What is the Pathology of Leber Hereditary Optic Neuropathy?
The pathology of Leber hereditary optic neuropathy is:
-Etiology: The cause of Leber hereditary optic neuropathy is a mutation at mtDNA nucleotide.
-Genes involved: mutations in the MT-ND1, MT-ND4, MT-ND4L, and MT-ND6 genes cause Leber hereditary optic neuropathy.
-Pathogenesis: The sequence of events that lead to Leber hereditary optic neuropathy are mutations in mitochondrial DNA that can alter the function of the mitochondria.
How does Leber Hereditary Optic Neuropathy Present?
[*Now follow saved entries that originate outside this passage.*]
lemma gdual_has_derivative:
  fixes A Z :: "real^'n::finite^'n"
  assumes "c \<ge> 0"
  shows "((\<lambda>(L, N). gdual c A Z L N) has_derivative
           (\<lambda>(dL, dN). mdot (hadamard Z (Dmat c A Z \<Lambda> M)) dL - mdot (Dmat c A Z \<Lambda> M) dN)) (at (\<Lambda>, M))"
proof -
  define P where "P = closest_point (spectral_ball c :: 'n sqmat set)"
  define env where "env y = (1/2) * (norm (y - P y))^2 - (1/2) * (norm y)^2" for y
  define lin where "lin p = snd p - hadamard (fst p) Z" for p :: "'n sqmat \<times> 'n sqmat"
  define Y where "Y p = absm A + snd p - hadamard (fst p) Z" for p :: "'n sqmat \<times> 'n sqmat"
  have "linear lin"
    by (rule linearI) (simp_all add: lin_def hadamard_def vec_eq_iff algebra_simps)
  moreover have "Y = (\<lambda>p. absm A + lin p)"
    by (simp add: fun_eq_iff Y_def lin_def add_diff_eq)
  moreover have "((\<lambda>p. absm A + lin p) has_derivative (\<lambda>p. 0 + lin p)) (at (\<Lambda>, M))"
    using \<open>linear lin\<close> unfolding linear_conv_bounded_linear
    by (intro has_derivative_add has_derivative_const bounded_linear_imp_has_derivative)
  ultimately have "(Y has_derivative lin) (at (\<Lambda>, M))"
    by simp
  moreover have "(env has_derivative (\<lambda>d. inner (- P (Y (\<Lambda>, M))) d)) (at (Y (\<Lambda>, M)))"
    unfolding env_def P_def
    using convex_spectral_ball closed_spectral_ball zero_in_spectral_ball[OF assms]
    by (intro closest_point_envelope_has_derivative) auto
  ultimately have "((\<lambda>p. env (Y p) + (1/2) * (norm (absm A))^2)
      has_derivative (\<lambda>p. inner (- P (Y (\<Lambda>, M))) (lin p))) (at (\<Lambda>, M))"
    by (intro has_derivative_add_const) (rule has_derivative_compose)
  moreover have "(\<lambda>(L, N). gdual c A Z L N) = (\<lambda>p. env (Y p) + (1/2) * (norm (absm A))^2)"
    by (auto simp: fun_eq_iff gdual_def Lag_complete_square Dmat_eq_closest_point[OF assms]
        env_def P_def Y_def norm_minus_commute)
  moreover have "(\<lambda>(dL, dN). mdot (hadamard Z (Dmat c A Z \<Lambda> M)) dL - mdot (Dmat c A Z \<Lambda> M) dN)
      = (\<lambda>p. inner (- P (Y (\<Lambda>, M))) (lin p))"
    by (auto simp: fun_eq_iff Dmat_eq_closest_point[OF assms] P_def Y_def lin_def mdot_eq_inner
        inner_diff_right inner_vec_def hadamard_def algebra_simps sum_subtractf)
  ultimately show ?thesis by simp
qed

definition pattern_cone :: "'n::finite sqmat \<Rightarrow> 'n sqmat set" where
  "pattern_cone Z = {D. \<forall>i j. Z$i$j * D$i$j = 0 \<and> 0 \<le> D$i$j}"

lemma zero_in_pattern_cone: "0 \<in> pattern_cone Z"
  by (simp add: pattern_cone_def)

lemma pattern_cone_eq_INT:
  "pattern_cone Z = (\<Inter>i. \<Inter>j. {D. inner (Z$i$j *\<^sub>R axis i (axis j 1)) D = 0} \<inter> {D. inner (axis i (axis j 1)) D \<ge> 0})"
  by (auto simp: pattern_cone_def inner_commute[of "axis _ _"] inner_axis)

lemma closed_pattern_cone: "closed (pattern_cone Z)"
  unfolding pattern_cone_eq_INT
  by (intro closed_INT ballI closed_Int closed_hyperplane closed_halfspace_ge)

lemma convex_pattern_cone: "convex (pattern_cone Z)"
  unfolding pattern_cone_eq_INT
  by (intro convex_INT ballI convex_Int convex_hyperplane convex_halfspace_ge)

lemma pattern_cone_normal:
  fixes D n Z :: "real^'n::finite^'n"
  assumes "D \<in> pattern_cone Z" "\<forall>y \<in> pattern_cone Z. inner n (y - D) \<le> 0" "Z$i$j = 0"
  shows "n$i$j \<le> 0" "n$i$j * D$i$j = 0"
proof -
  define e :: "'n sqmat" where "e = axis i (axis j 1)"
  have ne: "inner n e = n$i$j" by (simp add: e_def inner_axis)
  have "D + e \<in> pattern_cone Z" "D - D$i$j *\<^sub>R e \<in> pattern_cone Z"
    using assms(1,3) by (auto simp: pattern_cone_def e_def axis_def)
  then have "inner n ((D + e) - D) \<le> 0" "inner n ((D - D$i$j *\<^sub>R e) - D) \<le> 0"
    using assms(2) by blast+
  then have "n$i$j \<le> 0" "- (D$i$j * n$i$j) \<le> 0"
    by (simp_all add: ne)
  moreover have "D$i$j \<ge> 0" using assms(1) by (simp add: pattern_cone_def)
  ultimately show "n$i$j \<le> 0" "n$i$j * D$i$j = 0"
    using mult_nonneg_nonpos[of "D$i$j" "n$i$j"] by (simp_all add: mult.commute)
qed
Patients with Leber hereditary optic neuropathy are typically males about five times more than females. Patients tend to present at age range of 15-55 years old. The symptoms, features, and clinical findings associated with Leber hereditary optic neuropathy include decreased visual acuity, loss of color vision and a central scotoma.
How is Leber Hereditary Optic Neuropathy Diagnosed?
Leber hereditary optic neuropathy is diagnosed based on ophthalmologic findings which involves dilated fundus examination to identify characteristic changes in the optic disc and vascular changes during the acute phase, visual fields, electrophysiologic studies, and imaging, particularly OCT. Molecular genetic testing for mitochondrial genes associated with LHON can be used to confirm diagnosis.
How is Leber Hereditary Optic Neuropathy Treated?
Leber hereditary optic neuropathy is treated with supportive management and treatment through the usage of visual aids, occupational rehabilitation, and local social services.
What is the Prognosis of Leber Hereditary Optic Neuropathy?
The prognosis of Leber hereditary optic neuropathy is poor.